What Does the Weight Norm Control in Grokking? Logit-Scale Mediation under Cross-Entropy
Pith reviewed 2026-06-27 00:41 UTC · model grok-4.3
The pith
Weight norm affects grokking delay only by setting the logit scale that controls softmax saturation under cross-entropy.
A machine-rendered reading of the paper's core claim, the machinery that carries it, and where it could break.
Core claim
Across a grid of norms and temperatures the grokking delay collapses onto the logit scale alone (R2 = 0.97), with the norm adding 1-2% beyond it. Matching the effective logit scale back to baseline recovers about 85% of the delay at two moduli. The effect is loss-dependent: under mean-squared error the logit scale is pinned and the norm acts through a different route. A memorization control, a float64 softmax-collapse audit, and a no-LayerNorm transformer all point to the same channel.
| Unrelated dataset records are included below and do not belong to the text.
(* There exist absolute constants $c_1,c_2>0$ such that for every $M\in\{0,1\}^{m\times n}$, $$c_1\operatorname{disc}^{+}(M)\leq \operatorname{pdisc}_0(M)\leq c_2\operatorname{disc}^{+}(M)\quad\text{and}\quad c_1\operatorname{disc}^{-}(M)\leq \operatorname{pdisc}_0(M)\leq c_2\operatorname{disc}^{-}(M).$$
   Context: For $M\in\{0,1\}^{m\times n}$, $|M|$ is the number of $1$ entries, $p=|M|/(mn)$, and for $X\subset[m]$, $Y\subset[n]$, $\operatorname{disc}(X,Y)=|M[X\times Y]|-p|X||Y|$, where $|M[X\times Y]|$ is the number of $1$ entries of the submatrix with rows $X$ and columns $Y$; $\operatorname{disc}^{+}(M)=\max_{X,Y}\operatorname{disc}(X,Y)$ and $\operatorname{disc}^{-}(M)=\max_{X,Y}(-\operatorname{disc}(X,Y))$. Further, $\operatorname{pdisc}_0(M)=\max\left(\sum_{i,j}M_{i,j}\langle v_i,w_j\rangle-p\sum_{i,j}\langle v_i,w_j\rangle\right)$, the maximum over all $v_1,\dots,v_m,w_1,\dots,w_n\in\mathbb{R}^{m+n}$ with $\|v_i\|_2\leq1$, $\|w_j\|_2\leq 1$. *)

theory Defs
  imports Complex_Main
begin

text \<open>A matrix M in {0,1}^(m x n) is represented as M :: nat => nat => real,
  with rows indexed by {..<m} and columns by {..<n}; entries outside are irrelevant.\<close>

definition ones :: "nat \<Rightarrow> nat \<Rightarrow> (nat \<Rightarrow> nat \<Rightarrow> real) \<Rightarrow> nat set \<Rightarrow> nat set \<Rightarrow> real" where
  "ones m n M X Y = (\<Sum>i\<in>X. \<Sum>j\<in>Y. M i j)"

definition density :: "nat \<Rightarrow> nat \<Rightarrow> (nat \<Rightarrow> nat \<Rightarrow> real) \<Rightarrow> real" where
  "density m n M = ones m n M {..<m} {..<n} / (real m * real n)"

definition disc :: "nat \<Rightarrow> nat \<Rightarrow> (nat \<Rightarrow> nat \<Rightarrow> real) \<Rightarrow> nat set \<Rightarrow> nat set \<Rightarrow> real" where
  "disc m n M X Y = ones m n M X Y - density m n M * real (card X) * real (card Y)"

definition disc_plus :: "nat \<Rightarrow> nat \<Rightarrow> (nat \<Rightarrow> nat \<Rightarrow> real) \<Rightarrow> real" where
  "disc_plus m n M = Max {disc m n M X Y | X Y. X \<subseteq> {..<m} \<and> Y \<subseteq> {..<n}}"

definition disc_minus :: "nat \<Rightarrow> nat \<Rightarrow> (nat \<Rightarrow> nat \<Rightarrow> real) \<Rightarrow> real" where
  "disc_minus m n M = Max {- disc m n M X Y | X Y. X \<subseteq> {..<m} \<and> Y \<subseteq> {..<n}}"

text \<open>Vectors in R^(m+n) are functions nat => real, using coordinates {..<m+n}.\<close>

definition ip :: "nat \<Rightarrow> (nat \<Rightarrow> real) \<Rightarrow> (nat \<Rightarrow> real) \<Rightarrow> real" where
  "ip d x y = (\<Sum>k<d. x k * y k)"

definition pdisc0 :: "nat \<Rightarrow> nat \<Rightarrow> (nat \<Rightarrow> nat \<Rightarrow> real) \<Rightarrow> real" where
  "pdisc0 m n M = Sup {(\<Sum>i<m. \<Sum>j<n. M i j * ip (m+n) (v i) (w j))
                       - density m n M * (\<Sum>i<m. \<Sum>j<n. ip (m+n) (v i) (w j)) | v w.
          (\<forall>i<m. sqrt (ip (m+n) (v i) (v i)) \<le> 1) \<and> (\<forall>j<n. sqrt (ip (m+n) (w j) (w j)) \<le> 1)}"

end

theory Submission
  imports Defs "HOL-Library.FuncSet"
begin

text \<open>Write \<open>A = M - p\<close> for the centred matrix, so that \<open>disc(X, Y)\<close> is the sum of \<open>A\<close>
  over \<open>X \<times> Y\<close>. One-dimensional vectors \<open>\<plusminus>e\<^sub>0\<close> placed on \<open>X\<close> and \<open>Y\<close> show that
  \<open>disc\<^sup>+\<close> and \<open>disc\<^sup>-\<close> are at most \<open>pdisc\<^sub>0\<close>. Conversely \<open>pdisc\<^sub>0\<close> is at most the vector
  (semidefinite) relaxation of the bilinear form of \<open>A\<close>, which by Grothendieck's inequality is at
  most \<open>128\<close> times its maximum over \<open>[-1,1]\<^sup>m \<times> [-1,1]\<^sup>n\<close>. Splitting \<open>x\<close> and \<open>y\<close> into
  positive and negative parts and using that a bilinear form on \<open>[0,1]\<^sup>m \<times> [0,1]\<^sup>n\<close> is
  maximised at a vertex bounds that maximum by \<open>2 disc\<^sup>+ + 2 disc\<^sup>-\<close>. Finally, \<open>A\<close> sums to
  zero, so the discrepancies of the four rectangles cut out by \<open>X\<close>, \<open>Y\<close> and their
  complements sum to zero, whence \<open>disc\<^sup>- \<le> 3 disc\<^sup>+\<close> and \<open>disc\<^sup>+ \<le> 3 disc\<^sup>-\<close>.\<close>

section \<open>Projections onto sign vectors\<close>

definition sign_vectors :: "nat \<Rightarrow> (nat \<Rightarrow> real) set" where
  "sign_vectors d = {..<d} \<rightarrow>\<^sub>E {-1, 1}"

lemma finite_sign_vectors: "finite (sign_vectors d)"
  unfolding sign_vectors_def by (rule finite_PiE) auto

lemma card_sign_vectors: "card (sign_vectors d) = 2 ^ d"
  unfolding sign_vectors_def by (simp add: card_PiE numeral_2_eq_2)

lemma sum_sign_vectors_0: "(\<Sum>e\<in>sign_vectors 0. F e) = F (\<lambda>_. undefined)"
  unfolding sign_vectors_def by simp

lemma sum_sign_vectors_Suc:
  "(\<Sum>e\<in>sign_vectors (Suc d). F e) = (\<Sum>e\<in>sign_vectors d. F (e(d := 1)) + F (e(d := -1)))"
proof -
  let ?ext = "\<lambda>(s, e). e(d := s)"
  have img: "sign_vectors (Suc d) = ?ext ` ({-1, 1} \<times> sign_vectors d)"
    unfolding sign_vectors_def lessThan_Suc by (simp add: PiE_insert_eq)
  have inj: "inj_on ?ext ({-1, 1} \<times> sign_vectors d)"
    unfolding sign_vectors_def by (rule inj_combinator) simp
  have "(\<Sum>e\<in>sign_vectors (Suc d). F e) = (\<Sum>s\<in>{-1::real, 1}. \<Sum>e\<in>sign_vectors d. F (e(d := s)))"
    unfolding img sum.reindex[OF inj] sum.cartesian_product by (simp add: case_prod_beta)
  also have "\<dots> = (\<Sum>e\<in>sign_vectors d. F (e(d := 1)) + F (e(d := -1)))"
    by (simp add: sum.distrib add.commute)
  finally show ?thesis .
qed

lemma ip_Suc_fun_upd: "ip (Suc d) u (e(d := s)) = ip d u e + u d * s"
proof -
  have "(\<Sum>k<d. u k * (e(d := s)) k) = (\<Sum>k<d. u k * e k)"
    by (rule sum.cong) auto
  then show ?thesis
    unfolding ip_def by simp
qed

lemma ip_Suc: "ip (Suc d) u v = ip d u v + u d * v d"
  unfolding ip_def by simp

lemma ip_self_nonneg: "0 \<le> ip d u u"
  unfolding ip_def by (intro sum_nonneg) simp

lemma abs_ip_le_one:
  assumes "ip d x x \<le> 1" "ip d y y \<le> 1"
  shows "\<bar>ip d x y\<bar> \<le> 1"
proof -
  have "\<bar>ip d x y\<bar> \<le> (\<Sum>k<d. \<bar>x k * y k\<bar>)"
    unfolding ip_def by (rule sum_abs)
  also have "\<dots> \<le> (\<Sum>k<d. (x k * x k + y k * y k) / 2)"
  proof (rule sum_mono)
    fix k
    have "0 \<le> (\<bar>x k\<bar> - \<bar>y k\<bar>)\<^sup>2" by simp
    then show "\<bar>x k * y k\<bar> \<le> (x k * x k + y k * y k) / 2"
      by (simp add: power2_eq_square abs_mult algebra_simps)
  qed
  also have "\<dots> = (ip d x x + ip d y y) / 2"
    unfolding ip_def sum.distrib[symmetric] sum_divide_distrib ..
  finally show ?thesis
    using assms by simp
qed

lemma sum_sign_vectors_ip_mult:
  "(\<Sum>e\<in>sign_vectors d. ip d u e * ip d v e) = 2 ^ d * ip d u v"
proof (induction d)
  case 0
  show ?case by (simp add: sum_sign_vectors_0 ip_def)
next
  case (Suc d)
  have "(\<Sum>e\<in>sign_vectors (Suc d). ip (Suc d) u e * ip (Suc d) v e)
      = 2 * (\<Sum>e\<in>sign_vectors d. ip d u e * ip d v e) + 2 * u d * v d * card (sign_vectors d)"
    by (simp add: sum_sign_vectors_Suc ip_Suc_fun_upd algebra_simps sum.distrib sum_distrib_left)
  then show ?case
    by (simp add: Suc.IH card_sign_vectors ip_Suc algebra_simps)
qed

lemma sum_sign_vectors_ip_power4:
  "(\<Sum>e\<in>sign_vectors d. (ip d u e) ^ 4) \<le> 3 * 2 ^ d * (ip d u u)\<^sup>2"
proof (induction d)
  case 0
  show ?case by (simp add: sum_sign_vectors_0 ip_def)
next
  case (Suc d)
  have "(\<Sum>e\<in>sign_vectors (Suc d). (ip (Suc d) u e) ^ 4)
      = 2 * (\<Sum>e\<in>sign_vectors d. (ip d u e) ^ 4)
        + 12 * (u d)\<^sup>2 * (\<Sum>e\<in>sign_vectors d. ip d u e * ip d u e)
        + 2 * (u d) ^ 4 * card (sign_vectors d)"
    by (simp add: sum_sign_vectors_Suc ip_Suc_fun_upd sum.distrib sum_distrib_left
        algebra_simps power4_eq_xxxx power2_eq_square)
  also have "\<dots> \<le> 2 * (3 * 2 ^ d * (ip d u u)\<^sup>2) + 12 * (u d)\<^sup>2 * (2 ^ d * ip d u u)
        + 2 * (u d) ^ 4 * 2 ^ d"
    using Suc.IH by (simp add: sum_sign_vectors_ip_mult card_sign_vectors)
  also have "\<dots> = 3 * 2 ^ Suc d * (ip (Suc d) u u)\<^sup>2 - 4 * 2 ^ d * (u d) ^ 4"
    unfolding ip_Suc by (simp add: power2_eq_square power4_eq_xxxx algebra_simps)
  also have "\<dots> \<le> 3 * 2 ^ Suc d * (ip (Suc d) u u)\<^sup>2"
    by simp
  finally show ?case .
qed

definition clip :: "real \<Rightarrow> real \<Rightarrow> real" where
  "clip t x = max (-t) (min t x)"

lemma abs_clip_le: "0 \<le> t \<Longrightarrow> \<bar>clip t x\<bar> \<le> t"
  unfolding clip_def by auto

lemma clip_sq_le: "0 \<le> t \<Longrightarrow> (clip t x)\<^sup>2 \<le> x\<^sup>2"
  unfolding clip_def abs_le_square_iff[symmetric] by auto

lemma clip_remainder_sq_le:
  assumes "0 \<le> t"
  shows "t\<^sup>2 * (x - clip t x)\<^sup>2 \<le> x ^ 4"
proof (cases "\<bar>x\<bar> \<le> t")
  case True
  then show ?thesis
    unfolding clip_def by auto
next
  case False
  then have "t\<^sup>2 \<le> x\<^sup>2" "(x - clip t x)\<^sup>2 \<le> x\<^sup>2"
    unfolding abs_le_square_iff[symmetric] clip_def using assms by auto
  then have "t\<^sup>2 * (x - clip t x)\<^sup>2 \<le> x\<^sup>2 * x\<^sup>2"
    by (intro mult_mono) auto
  then show ?thesis
    by (simp add: power4_eq_xxxx power2_eq_square mult.assoc)
qed

lemma sum_sign_vectors_ip_sq: "(\<Sum>e\<in>sign_vectors d. (ip d u e)\<^sup>2) = 2 ^ d * ip d u u"
  using sum_sign_vectors_ip_mult[of d u u] by (simp add: power2_eq_square)

lemma sum_sign_vectors_clip_sq_le:
  "0 \<le> t \<Longrightarrow> (\<Sum>e\<in>sign_vectors d. (clip t (ip d u e))\<^sup>2) \<le> 2 ^ d * ip d u u"
  unfolding sum_sign_vectors_ip_sq[symmetric] by (intro sum_mono clip_sq_le)

lemma sum_sign_vectors_clip_remainder_sq_le:
  assumes "0 \<le> t"
  shows "t\<^sup>2 * (\<Sum>e\<in>sign_vectors d. (ip d u e - clip t (ip d u e))\<^sup>2) \<le> 3 * 2 ^ d * (ip d u u)\<^sup>2"
proof -
  have "t\<^sup>2 * (\<Sum>e\<in>sign_vectors d. (ip d u e - clip t (ip d u e))\<^sup>2) \<le> (\<Sum>e\<in>sign_vectors d. (ip d u e) ^ 4)"
    unfolding sum_distrib_left by (intro sum_mono clip_remainder_sq_le assms)
  then show ?thesis
    using sum_sign_vectors_ip_power4 order_trans by blast
qed

lemma unit_sign_projection_norms:
  assumes "ip d u u \<le> 1"
  shows "(\<Sum>e\<in>sign_vectors d. (ip d u e)\<^sup>2) \<le> 2 ^ d"
    and "(\<Sum>e\<in>sign_vectors d. (clip 8 (ip d u e))\<^sup>2) \<le> 2 ^ d"
    and "(\<Sum>e\<in>sign_vectors d. (4 * (ip d u e - clip 8 (ip d u e)))\<^sup>2) \<le> 2 ^ d"
proof -
  have "0 \<le> ip d u u" by (rule ip_self_nonneg)
  then have sq: "(ip d u u)\<^sup>2 \<le> 1"
    using assms by (simp add: power_le_one)
  show "(\<Sum>e\<in>sign_vectors d. (ip d u e)\<^sup>2) \<le> 2 ^ d"
    unfolding sum_sign_vectors_ip_sq using assms by simp
  show "(\<Sum>e\<in>sign_vectors d. (clip 8 (ip d u e))\<^sup>2) \<le> 2 ^ d"
    using sum_sign_vectors_clip_sq_le[of 8 d u] assms by (simp add: order_trans)
  have "64 * (\<Sum>e\<in>sign_vectors d. (ip d u e - clip 8 (ip d u e))\<^sup>2) \<le> 3 * 2 ^ d"
    using sum_sign_vectors_clip_remainder_sq_le[of 8 d u] sq by (simp add: order_trans)
  moreover have "(\<Sum>e\<in>sign_vectors d. (4 * (ip d u e - clip 8 (ip d u e)))\<^sup>2)
      = 16 * (\<Sum>e\<in>sign_vectors d. (ip d u e - clip 8 (ip d u e))\<^sup>2)"
    unfolding power_mult_distrib sum_distrib_left by simp
  moreover have "(0::real) \<le> 2 ^ d" by simp
  ultimately show "(\<Sum>e\<in>sign_vectors d. (4 * (ip d u e - clip 8 (ip d u e)))\<^sup>2) \<le> 2 ^ d"
    by linarith
qed

section \<open>Vector relaxation and Grothendieck's inequality\<close>

definition vector_form ::
    "nat \<Rightarrow> nat \<Rightarrow> (nat \<Rightarrow> nat \<Rightarrow> real) \<Rightarrow> 'k set \<Rightarrow> (nat \<Rightarrow> 'k \<Rightarrow> real) \<Rightarrow> (nat \<Rightarrow> 'k \<Rightarrow> real) \<Rightarrow> real"
  where "vector_form m n a K u v = (\<Sum>i<m. \<Sum>j<n. a i j * (\<Sum>k\<in>K. u i k * v j k))"

lemma vector_form_lessThan: "vector_form m n a {..<d} u v = (\<Sum>i<m. \<Sum>j<n. a i j * ip d (u i) (v j))"
  unfolding vector_form_def ip_def ..

lemma vector_form_cmult_left: "vector_form m n a K (\<lambda>i k. c * u i k) v = c * vector_form m n a K u v"
  unfolding vector_form_def by (simp add: sum_distrib_left algebra_simps)

lemma vector_form_cmult_right: "vector_form m n a K u (\<lambda>j k. c * v j k) = c * vector_form m n a K u v"
  unfolding vector_form_def by (simp add: sum_distrib_left algebra_simps)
Forking arms from one identical state show the delay follows the held norm value and not the clamp operation itself.
What carries the argument
Logit-scale mediation: the effective scale of the output logits before the softmax, which determines saturation and thereby the timing of the memorization-to-generalization transition.
If this is right
- Under cross-entropy the weight norm functions mainly as an upstream controller of logit magnitude rather than acting directly on generalization.
- Temperature rescaling can be used to slide grokking timing across the range normally produced by norm changes.
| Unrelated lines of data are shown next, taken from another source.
(* The Taylor series at a nu of prod_(h ~= nu) (w - a h)^(-J|n|/m), in powers of w - a nu. *)
definition cofactor_fps :: "int \<Rightarrow> nat \<Rightarrow> nat \<Rightarrow> (nat \<Rightarrow> complex) \<Rightarrow> nat \<Rightarrow> nat \<Rightarrow> complex fps" where
  "cofactor_fps n m N a J \<nu> = (\<Prod>h\<in>{1..N} - {\<nu>}. neg_binomial_fps (Jnm n m J) (a \<nu> - a h))"

definition Bmat_superdiag :: "int \<Rightarrow> nat \<Rightarrow> nat \<Rightarrow> (nat \<Rightarrow> complex) \<Rightarrow> (nat \<Rightarrow> nat \<Rightarrow> complex)
    \<Rightarrow> nat \<Rightarrow> nat \<Rightarrow> complex" where
  "Bmat_superdiag n m N a c i j = (if m dvd j then \<Sum>\<nu>=1..N. c j \<nu> * rho n m N a j \<nu> i else 0)"

lemma sum_comps_prodfac:
  "(\<Sum>k\<in>comps ({1..N} - {\<nu>}) s. prodfac n m N a J \<nu> k) = cofactor_fps n m N a J \<nu> $ s"
  by (simp add: cofactor_fps_def fps_prod_nth prodfac_def neg_binomial_fps_def)
text \<open>A nonempty flip-closed set of grid points whose facets use at most 2p vertices lies in a
  box: flipping a point in every coordinate already produces 2p distinct vertices, and these
  are then all the vertices available.\<close>

lemma small_flip_closed_in_box:
  assumes S: "S \<subseteq> grid p m" "f0 \<in> S"
    and flip: "\<And>f i. f \<in> S \<Longrightarrow> i < p \<Longrightarrow> \<exists>g\<in>S. g i \<noteq> f i \<and> (\<forall>j. j \<noteq> i \<longrightarrow> g j = f j)"
    and W: "\<And>f. f \<in> S \<Longrightarrow> facet p f \<subseteq> W" "finite W" "card W \<le> 2 * p"
  shows "\<exists>(a, b)\<in>box_corners p m. S \<subseteq> box p a b"
proof -
  obtain h where h: "\<And>i. i < p \<Longrightarrow> h i \<in> S \<and> h i i \<noteq> f0 i"
    using flip[OF S(2)] by metis
  define a where "a i = (if i < p then min (f0 i) (h i i) else undefined)" for i
  define b where "b i = (if i < p then max (f0 i) (h i i) else undefined)" for i
  have ab_vals: "{a i, b i} = {f0 i, h i i}" "a i < b i" if "i < p" for i
    using h[OF that] that by (auto simp: a_def b_def)
  have grid_vals: "f0 i < m" "h i i < m" if "i < p" for i
    using S h[OF that] that by (auto simp: grid_def PiE_iff)
  have corners: "(a, b) \<in> box_corners p m"
    using ab_vals grid_vals
    by (auto simp: box_corners_def grid_def PiE_iff a_def b_def extensional_def min_def max_def)
  have disjoint: "facet p a \<inter> facet p b = {}"
  proof -
    have "a i \<noteq> b i" if "i < p" for i using ab_vals(2)[OF that] by simp
    then show ?thesis by (auto simp: facet_def encode_eq_iff)
  qed
  have "facet p a \<union> facet p b \<subseteq> W"
  proof
    fix v assume "v \<in> facet p a \<union> facet p b"
    then obtain i where i: "i < p" "v = a i * p + i \<or> v = b i * p + i"
      by (auto simp: facet_def)
    then have "v = f0 i * p + i \<or> v = h i i * p + i"
      using ab_vals(1)[OF i(1)] by (auto simp: doubleton_eq_iff)
    then show "v \<in> W"
      using W(1)[OF S(2)] W(1) h[OF i(1)] in_facet_iff[OF i(1)] by blast
  qed
  moreover have "card (facet p a \<union> facet p b) = 2 * p"
    using card_Un_disjoint[OF finite_facet finite_facet disjoint] by (simp add: card_facet)
  ultimately have W_eq: "W = facet p a \<union> facet p b"
    using card_seteq[OF W(2)] W(3) by metis
  have "S \<subseteq> box p a b"
  proof
    fix f assume f: "f \<in> S"
    have "f i \<in> {a i, b i}" if i: "i < p" for i
    proof -
      have "f i * p + i \<in> facet p a \<union> facet p b"
        using W(1)[OF f] W_eq in_facet_iff[OF i] by blast
      then show ?thesis using in_facet_iff[OF i] by auto
    qed
    moreover have "f \<in> extensional {..<p}" using f S by (auto simp: grid_def PiE_def)
    ultimately show "f \<in> box p a b" by (auto simp: box_def PiE_iff)
  qed
  then show ?thesis using corners by blast
qed

text \<open>Key step: on at most 2p vertices the partite complex of a box-free set has no nonzero
  (p-1)-cycle, since the support of such a cycle would fill a box inside E.\<close>

lemma small_cycles_vanish:
  fixes c :: "nat set \<Rightarrow> 'k::field"
  assumes E: "E \<subseteq> grid p m" and p: "p \<ge> 2"
    and box_free: "\<forall>(a, b)\<in>box_corners p m. \<not> box p a b \<subseteq> E"
    and W: "finite W" "card W \<le> 2 * p"
    and ch: "is_chain K (induced (partite_complex p m E) W) (p - 1) c"
    and cyc: "\<forall>G. card G = p - 1 \<longrightarrow> bdry (induced (partite_complex p m E) W) c G = 0"
  shows "c H = 0"
proof (rule ccontr)
  assume H: "c H \<noteq> 0"
  then have "H \<in> {F \<in> partite_complex p m E. card F = p}"
    using ch p by (auto simp: is_chain_def induced_def)
  then obtain f0 where f0: "f0 \<in> E" "H = facet p f0"
    unfolding partite_complex_p_faces[OF p] by blast
  define S where "S = {f \<in> E. c (facet p f) \<noteq> 0}"
  have "f0 \<in> S" using f0 H by (simp add: S_def)
  have flip: "\<exists>g\<in>S. g i \<noteq> f i \<and> (\<forall>j. j \<noteq> i \<longrightarrow> g j = f j)" if "f \<in> S" "i < p" for f i
    using cycle_support_flip[OF E p W(1) ch cyc, of f i] that by (auto simp: S_def)
  have "S \<subseteq> grid p m" using E by (auto simp: S_def)
  moreover have "facet p f \<subseteq> W" if "f \<in> S" for f
    using ch that p by (auto simp: S_def is_chain_def induced_def)
  ultimately obtain a b where ab: "(a, b) \<in> box_corners p m" "S \<subseteq> box p a b"
    using small_flip_closed_in_box[OF _ \<open>f0 \<in> S\<close> flip _ W] by blast
  have "box p a b \<subseteq> S"
    using flip_closed_fills_box[OF ab(2) \<open>f0 \<in> S\<close> flip] by blast
  then have "box p a b \<subseteq> E" by (auto simp: S_def)
  then show False using box_free ab(1) by blast
qed

lemma link_faces_smaller:
  assumes "\<forall>G\<in>\<Gamma>. finite G \<and> card G \<le> d" "F \<noteq> {}" "H \<in> link \<Gamma> F"
  shows "card H < d"
proof -
  obtain G where G: "G \<in> \<Gamma>" "F \<subseteq> G" "H = G - F"
    using assms(3) by (auto simp: link_def)
  have G_fin: "finite G" "card G \<le> d" using assms(1) G(1) by auto
  then have "finite F" using G(2) by (blast intro: finite_subset)
  then have "0 < card F" using assms(2) by (simp add: card_gt_0_iff)
  moreover have "card F \<le> card G" using G_fin(1) G(2) by (rule card_mono)
  moreover have "card H = card G - card F" using G(2,3) \<open>finite F\<close> by (simp add: card_Diff_subset)
  ultimately show ?thesis using G_fin(2) by linarith
qed

lemma girth_greater:
  assumes "\<And>W F. W \<subseteq> verts \<Gamma> \<Longrightarrow> F \<in> \<Gamma> \<Longrightarrow>
             red_homology_nonzero K (induced (link \<Gamma> F) W) j \<Longrightarrow> d < card W"
  shows "enat d < girth K \<Gamma> j"
proof (cases "\<exists>W. W \<subseteq> verts \<Gamma> \<and> (\<exists>F\<in>\<Gamma>. red_homology_nonzero K (induced (link \<Gamma> F) W) j)")
  case True
  define P where "P k \<longleftrightarrow> (\<exists>W. W \<subseteq> verts \<Gamma> \<and> card W = k \<and>
                   (\<exists>F\<in>\<Gamma>. red_homology_nonzero K (induced (link \<Gamma> F) W) j))" for k
  have "\<exists>k. P k" using True by (auto simp: P_def)
  then have "P (LEAST k. P k)" by (rule LeastI_ex)
  then obtain W F where "W \<subseteq> verts \<Gamma>" "F \<in> \<Gamma>" "card W = (LEAST k. P k)"
      "red_homology_nonzero K (induced (link \<Gamma> F) W) j"
    unfolding P_def by blast
  then have "d < (LEAST k. P k)" using assms by metis
  then show ?thesis using True unfolding girth_def P_def by simp
next
  case False
  then have "girth K \<Gamma> j = \<infinity>" unfolding girth_def by (simp only: if_False)
  then show ?thesis by simp
qed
- The mediation disappears under mean-squared error because the logit scale becomes fixed by the loss itself.
- The forking-arm result rules out the clamp operation as a source of the observed timing shifts.
Where Pith is reading between the lines
- Interventions that directly modulate output scale (temperature, final-layer scaling) may offer finer control over generalization timing than weight-norm penalties.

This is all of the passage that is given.